Текст книги "Султан Луны и Звезд"


Автор книги: Том Арден



сообщить о нарушении

Текущая страница: 22 (всего у книги 44 страниц)

 
Уж конечно, жена лучше шлюхи любой,
Что за денежки ляжет на койку с тобой,
Но от порта до порта путь далек, путь далек,
Почему же и шлюху не купить на денек?
 

Хор пьяниц умолк, на смену ему зазвучал хохот, шлепки, звон монет. Только теперь Боб заметил жирного толстяка, который вошел в забегаловку вместе со шлюхами и теперь распоряжался – подталкивал девиц перед собой. «О нет!» – в отчаянии подумал Боб. Он ненавидел отвратительного сводника, но и побаивался его. Если бы он мог незаметно ускользнуть, он бы непременно так и сделал, но теперь он снова попросил браги, нервно заглотнул ее и рухнул на стул. Горло жгло огнем. Боб думал только о том, как бы скорее помочиться.

У него жутко кружилась голова, перед глазами все поплыло.

Что это был за свет?

Ката в конце концов опустилась на мягкий диван и заснула, но сон ее был подобен трансу.
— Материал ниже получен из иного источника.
(* Let $E=\mathcal O_{\mathbb P^1}(a)\oplus\mathcal O_{\mathbb P^1}(b)$ with $a,b\ge1$. Then $\mathrm{Gr}_2(H^0(E))\cap\mathbb{P}K^\perp$ is a transversal intersection if and only if $a=b=1$.
   Context: $K^\perp:=\ker(\det:\bigwedge^2H^0(E)\to H^0(\det E))$, and $\mathrm{Gr}_2(H^0(E))\subset\mathbb{P}(\bigwedge^2H^0(E))$ is the Plücker embedding. Two smooth subvarieties $S_1,S_2\subset\mathbb P^N$ intersect transversely if $T_pS_1+T_pS_2=T_p\mathbb P^N$ for every $p\in S_1\cap S_2$. *)

theory Defs
  imports "HOL-Analysis.Analysis" "HOL-Computational_Algebra.Polynomial"
begin

(* H^0(E) for E = O(a) + O(b) on P^1 over C, in the affine chart: pairs (f,g) of
   polynomials with deg f <= a, deg g <= b (homogeneous forms of degree a, b dehomogenised). *)
definition sections :: "nat \<Rightarrow> nat \<Rightarrow> (complex poly \<times> complex poly) set" where
  "sections a b = {(f, g). degree f \<le> a \<and> degree g \<le> b}"

(* coordinates of a section w.r.t. the monomial basis: indices 0..a are the
   coefficients of f, indices a+1..a+b+1 those of g; dim H^0(E) = a+b+2 *)
definition coord :: "nat \<Rightarrow> complex poly \<times> complex poly \<Rightarrow> nat \<Rightarrow> complex" where
  "coord a s i = (if i \<le> a then coeff (fst s) i else coeff (snd s) (i - (a + 1)))"
lemma support_error_prob_le:
  assumes "dnorm alpha \<le> 1" and ball: "ball ths e0 \<subseteq> closure Th" and "0 < e0" "e0 \<le> \<delta>"
    and p_ge: "\<forall>x. x \<noteq> 0 \<longrightarrow> \<bar>x\<bar> < \<delta> \<longrightarrow> \<kappa> * \<bar>x\<bar> powr q \<le> p x"
    and "\<kappa> > 0" "q > 0" "m0 > 0" "m > 0" "R > 0" "0 < eta" "eta \<le> 1" "S \<ge> 0"
    and "(\<integral>\<^sup>+\<omega>. ennreal (norm (\<chi> j. (thetahat \<omega> $ j - ths $ j) / alpha j) powr m) \<partial>M)
      \<le> ennreal S"
    and cT: "cT M H Th ths alpha xi q eta m0 R = ennreal y" "y \<ge> 0"
  shows "measure M {\<omega>\<in>space M. \<exists>j. ths $ j = 0 \<and> thetahat \<omega> $ j \<noteq> 0}
    \<le> y / \<kappa> powr m0 + S * ((1 / R) powr m + (1 / e0) powr m) * dnorm alpha powr (m * eta)"
proof -
  define \<epsilon> where "\<epsilon> = min e0 (R * dnorm alpha powr (1 - eta))"
  let ?E = "{\<omega>\<in>space M. \<exists>j. ths $ j = 0 \<and> thetahat \<omega> $ j \<noteq> 0}"
  let ?near = "{\<omega>\<in>space M. (\<exists>j. ths $ j = 0 \<and> thetahat \<omega> $ j \<noteq> 0) \<and> norm (thetahat \<omega> - ths) < \<epsilon>}"
  let ?far = "{\<omega>\<in>space M. \<epsilon> \<le> norm (thetahat \<omega> - ths)}"
  have "?near \<union> ?far \<in> sets M" by measurable
  then have "measure M ?E \<le> measure M (?near \<union> ?far)"
    by (rule finite_measure_mono[rotated]) auto
  also have "\<dots> \<le> measure M ?near + measure M ?far"
    by (rule measure_Un_le) measurable
  finally have split: "measure M ?E \<le> measure M ?near + measure M ?far" .
  have "ball ths \<epsilon> \<subseteq> closure Th"
    using ball by (auto simp: \<epsilon>_def)
  then have "ennreal (\<kappa> powr m0) * emeasure M ?near \<le> ennreal y"
    unfolding cT(1)[symmetric]
    by (rule emeasure_near_support_error_le[OF _ _ _ p_ge]) (use assms in \<open>auto simp: \<epsilon>_def\<close>)
  moreover have "ennreal (\<kappa> powr m0) * emeasure M ?near = ennreal (\<kappa> powr m0 * measure M ?near)"
    by (subst ennreal_mult) (auto simp: emeasure_eq_measure)
  ultimately have "measure M ?near \<le> y / \<kappa> powr m0"
    using cT(2) \<open>\<kappa> > 0\<close> by (simp add: pos_le_divide_eq mult.commute)
  moreover have "measure M ?far \<le> S * ((1 / R) powr m + (1 / e0) powr m) * dnorm alpha powr (m * eta)"
    unfolding \<epsilon>_def using assms by (intro prob_far_le) auto
  ultimately show ?thesis using split by linarith
qed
Открыв глаза, она заметила, что в покоях принцессы Бела Доны произошли кое-какие изменения. Дело было не только в том, что теперь на мебели и коврах лежали не солнечные, а лунные полосы, и даже не в том, что принцесса, которую раньше Ката не смогла разыскать, теперь стояла, понуро покачиваясь, между зеркалами. Нет, изменились сами зеркала. Все полотнища тонкой ткани теперь упали с них и лежали на полу, и из каждого зеркала струилось колеблющееся, неземное сияние. Принцесса стонала и раскачивалась, сжав пальцами виски.

– Принцесса!

Ката нахмурилась. Она осторожно сжала в руке цепь, что тянулась от наручников на ее запястьях. Странный свет наполнил ее страхом, когда она шагнула в круг, замкнутый зеркалами. И вот тут она увидела, что это не просто свет: в зеркалах двигались странные видения. Ката разжала пальцы, и цепь упала на ковер. Несколько мгновений взгляд девушки скользил от одного зеркала к другому. Зачарованно замерев, она смотрела на прекрасный сад, на деревья, ветви которых отяжелили сотни ярких цветов. В другом зеркале она увидела роскошный дворец, стены которого были украшены узорчатой резьбой. В третьем – вытянутый прямоугольник глубокого пруда, в котором отражалось небо, и при этом, что странно, утро мгновенно сменялось днем, день – вечером, а вечер – лунной ночью. В следующем зеркале Ката увидела принцессу, стремительно идущую по саду, а потом – принцессу за столом на пиршестве, а потом – принцессу, которая ласкала собаку, шерсть которой была окрашена разноцветными полосками – лиловыми, зелеными, алыми, синими и золотыми.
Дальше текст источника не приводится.